La judicatura incrementa la pena en forma desproporcionada a pesar de haberse allanado a los cargos por el injusto de actos sexuales con menor de 14 años agravado en concurso homogéneo y sucesivo, según lo establecido en el art. 352 C.P.P.
Indica que en la Ley 906 de 2004 y el Código Penal, es donde se aplica la justicia premial a todos aquellos que aceptan su responsabilidad, evitando el desgaste de la justicia, por lo que al ser esas normas más favorables, y anteriores de la Ley 1098 de 2006, son las que se deben aplicar en su caso.
El art. 199 de la Ley 1098 de 2006 prohíbe el otorgamiento de beneficios y mecanismos sustitutivos cuando las víctimas son menores de edad, pero no es clara en cuanto a las rebajas por la economía procesal al allanarse a cargos, por lo que deben reconocerle la rebaja de una tercera parte de su condena.
Manifiesta que la jurisprudencia de la Sala Penal de la Corte Suprema de Justicia del 27 de febrero de 2013 M.P. José Leonidas Bustos, explica la incompatibilidad que existe entre el artículo 14 de la Ley 890 de 2004, que estableció el aumento general de penas con las normas que excluyen el acceso a beneficios administrativos, subrogados, etc.; concluyendo que si un aumento de penas carente de justificación se traduce en una medida arbitraria de aplicación del aumento genérico del art. 14 de la Ley 890 de 2004 a los delitos previstos en el art. 26 de la Ley 1121 de 2006, deviene en desproporcionada.

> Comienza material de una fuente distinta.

lemma op_apply_sp_mult:
  assumes A: "ord_le k1 A" and B: "ord_le k2 B"
  shows "op_apply h (sp_mult h A B) f = op_apply h A (op_apply h B f)"
proof -
  define g where "g = (\<lambda>i j. A i * shift h i (B j) * shift h (i + j) f)"
  have "op_apply h (sp_mult h A B) f = (\<Sum>n\<le>k1+k2. sp_mult h A B n * shift h n f)"
    by (rule op_apply_ord_le[OF ord_le_sp_mult[OF A B]])
  also have "\<dots> = (\<Sum>n\<le>k1+k2. \<Sum>i\<le>n. g i (n - i))"
    unfolding sp_mult_def g_def by (intro sum.cong refl) (simp add: sum_distrib_right)
  also have "\<dots> = (\<Sum>(i,j)\<in>{(i,j). i + j \<le> k1+k2}. g i j)"
    by (rule sum.triangle_reindex_eq[symmetric])
  also have "\<dots> = (\<Sum>(i,j)\<in>{..k1} \<times> {..k2}. g i j)"
  proof (rule sum.mono_neutral_right)
    show "finite {(i,j). i + j \<le> k1 + k2}"
      by (rule finite_subset[of _ "{..k1+k2} \<times> {..k1+k2}"]) auto
    show "\<forall>x\<in>{(i, j). i + j \<le> k1 + k2} - {..k1} \<times> {..k2}. (case x of (i, j) \<Rightarrow> g i j) = 0"
      using A B unfolding ord_le_def g_def by (auto simp: not_le) (meson not_le)+
  qed auto
  also have "\<dots> = op_apply h A (op_apply h B f)"
    unfolding op_apply_ord_le[OF A] op_apply_ord_le[OF B] g_def sum.cartesian_product[symmetric]
    by (simp add: shift.hom_sum shift.hom_mult shift_shift sum_distrib_left mult.assoc)
  finally show ?thesis .
qed

lemma op_apply_one_minus_tau: "op_apply h (one_minus_tau g) y = y - g * shift h 1 y"
proof -
  have "{..1::nat} = {0, 1}" by auto
  thus ?thesis unfolding op_apply_ord_le[OF ord_le_one_minus_tau] by (simp add: one_minus_tau_def)
qed

text \<open>
  Division of \<open>D\<close> by \<open>1 - (w / w[1]) \<tau>\<close> on the right: the coefficients of the quotient are
  the partial sums \<open>\<Sum>\<^sub>j\<^sub>\<le>\<^sub>n D\<^sub>j w[j]\<close>, divided by \<open>w[n]\<close>; they vanish from \<open>k\<close> on because \<open>D w = 0\<close>.
\<close>

lemma right_factor_one_minus_tau:
  assumes D: "ord_le k D" and D0: "D 0 = 1" and Dw: "op_apply h D w = 0" and w: "w \<noteq> 0"
  obtains P where "\<And>j. j \<ge> k \<Longrightarrow> P j = 0" "P 0 = 1"
    "D = sp_mult h P (one_minus_tau (w / shift h 1 w))"
proof
  define S where "S = (\<lambda>n. \<Sum>j\<le>n. D j * shift h j w)"
  define P where "P = (\<lambda>n. S n / shift h n w)"
  show Pk: "P j = 0" if "j \<ge> k" for j
  proof -
    have "S j = (\<Sum>j\<le>k. D j * shift h j w)" unfolding S_def
      by (rule sum.mono_neutral_right) (use that D in \<open>auto simp: ord_le_def\<close>)
    thus ?thesis using Dw op_apply_ord_le[OF D] by (simp add: P_def)
  qed
  show P0: "P 0 = 1" using w D0 by (simp add: P_def S_def)
  let ?g = "w / shift h 1 w"
  show "D = sp_mult h P (one_minus_tau ?g)"
  proof
    fix n :: nat
    show "D n = sp_mult h P (one_minus_tau ?g) n"
    proof (cases n)
      case 0 then show ?thesis using P0 D0 by (simp add: sp_mult_0)
    next
      case (Suc m)
      have z: "(\<Sum>i<m. P i * shift h i (one_minus_tau ?g (Suc m - i))) = 0"
        by (intro sum.neutral) (auto simp: one_minus_tau_def)
      have "sp_mult h P (one_minus_tau ?g) (Suc m) = P m * shift h m (- ?g) + P (Suc m)"
        unfolding sp_mult_def atMost_Suc lessThan_Suc_atMost[symmetric]
        by (simp add: sum.insert z one_minus_tau_def Suc_diff_le)
      also have "\<dots> = (S (Suc m) - S m) / shift h (Suc m) w"
        using w by (simp add: P_def shift.hom_uminus shift.hom_div shift_shift field_simps)
      also have "\<dots> = D (Suc m)"
        using w by (simp add: S_def)
      finally show ?thesis using Suc by simp
    qed
  qed
qed

lemma minimal_fraction_kernels_disjoint:
  assumes D0: "ord_le m D0" "D0 0 = 1" and D1: "ord_le n D1" "D1 0 = 1"
    and minimal: "\<And>E0 E1. is_diff_op E0 \<Longrightarrow> is_diff_op E1 \<Longrightarrow> E1 \<noteq> (\<lambda>_. 0) \<Longrightarrow>
                     sp_mult h (sp_mult h D0 (sp_inv h D1)) E1 = E0 \<Longrightarrow> n \<le> op_ord E1"
    and w0: "op_apply h D0 w = 0" and w1: "op_apply h D1 w = 0"
  shows "w = 0"
proof (rule ccontr)
  assume w: "w \<noteq> 0"
  let ?d = "one_minus_tau (w / shift h 1 w)"
  obtain Q where Q: "\<And>j. j \<ge> m \<Longrightarrow> Q j = 0" "D0 = sp_mult h Q ?d"
    using right_factor_one_minus_tau[OF D0 w0 w] by metis
  obtain P where P: "\<And>j. j \<ge> n \<Longrightarrow> P j = 0" "P 0 = 1" "D1 = sp_mult h P ?d"
    using right_factor_one_minus_tau[OF D1 w1 w] by metis
  have "sp_inv h D1 = sp_mult h (sp_inv h ?d) (sp_inv h P)"
    using P(2,3) by (simp add: sp_inv_mult)
  hence "sp_mult h (sp_mult h D0 (sp_inv h D1)) P =
        sp_mult h (sp_mult h Q (sp_mult h ?d (sp_inv h ?d))) (sp_mult h (sp_inv h P) P)"
    unfolding Q(2) by (simp add: sp_mult_assoc)
  also have "\<dots> = Q" using P(2) by (simp add: sp_mult_sp_inv_left sp_mult_sp_inv_right)
  finally have "sp_mult h (sp_mult h D0 (sp_inv h D1)) P = Q" .
  moreover have "ord_le m Q" "ord_le n P" using Q(1) P(1) by (simp_all add: ord_le_def)
  moreover have "P \<noteq> (\<lambda>_. 0)" using P(2) by (auto dest: fun_cong[of _ _ 0])
  ultimately have "n \<le> op_ord P" by (intro minimal) (auto intro: ord_le_is_diff_op)
  moreover have "op_ord P < n" by (rule op_ord_less) (use P in auto)
  ultimately show False by simp
qed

Pretende que se redosifique la pena impuesta, inaplicando el art. 14 de la Ley 890 de 2004 y se le conceda la rebaja de pena de una tercera parte de su condena por haber aceptado los cargos en la etapa de juicio oral.
2. EL FALLO IMPUGNADO
La Sala Única del Tribunal Superior del Distrito Judicial de Yopal, de acuerdo con la respuesta del despacho judicial accionado y anexo aportado por aquél, negó por improcedente la protección reclamada, por cuanto la decisión proferida el 31 de agosto de 2015 por el Juzgado Tercero Penal del Circuito de la citada ciudad, no fue objeto de recursos tal y como consta en la aludida providencia, desconociéndose con dicha omisión el carácter residual del amparo de súplica activado.
Del mismo modo, indica que el petente cuenta con la posibilidad de impetrar acción de revisión contra la sentencia reprochada, toda vez que la misma se encuentra debidamente ejecutoriada, por lo tanto de conformidad con el art. 192 del C.P.P. procede el mentado mecanismo.
De otro lado, aduce que el actor promovió el amparo constitucional de manera tardía, sin alegar circunstancia válida para la inactividad de su ejercicio, ya que desde cuando se profirió sentencia condenatoria hasta la interposición de la presente acción, han trascurrido más de 3 años y 7 meses desconociendo así el principio de inmediatez que exige la presente acción.
3. LA IMPUGNACIÓN
El Libelista en el trámite de notificación del fallo lo impugnó, sin señalar las razones de su disenso.
4. CONSIDERACIONES
1. De conformidad con lo establecido en el artículo 32 del Decreto 2591 de 1991, es competente esta Sala para pronunciarse sobre la impugnación presentada contra el fallo proferido por la Sala Única del Tribunal Superior del Distrito Judicial de Yopal.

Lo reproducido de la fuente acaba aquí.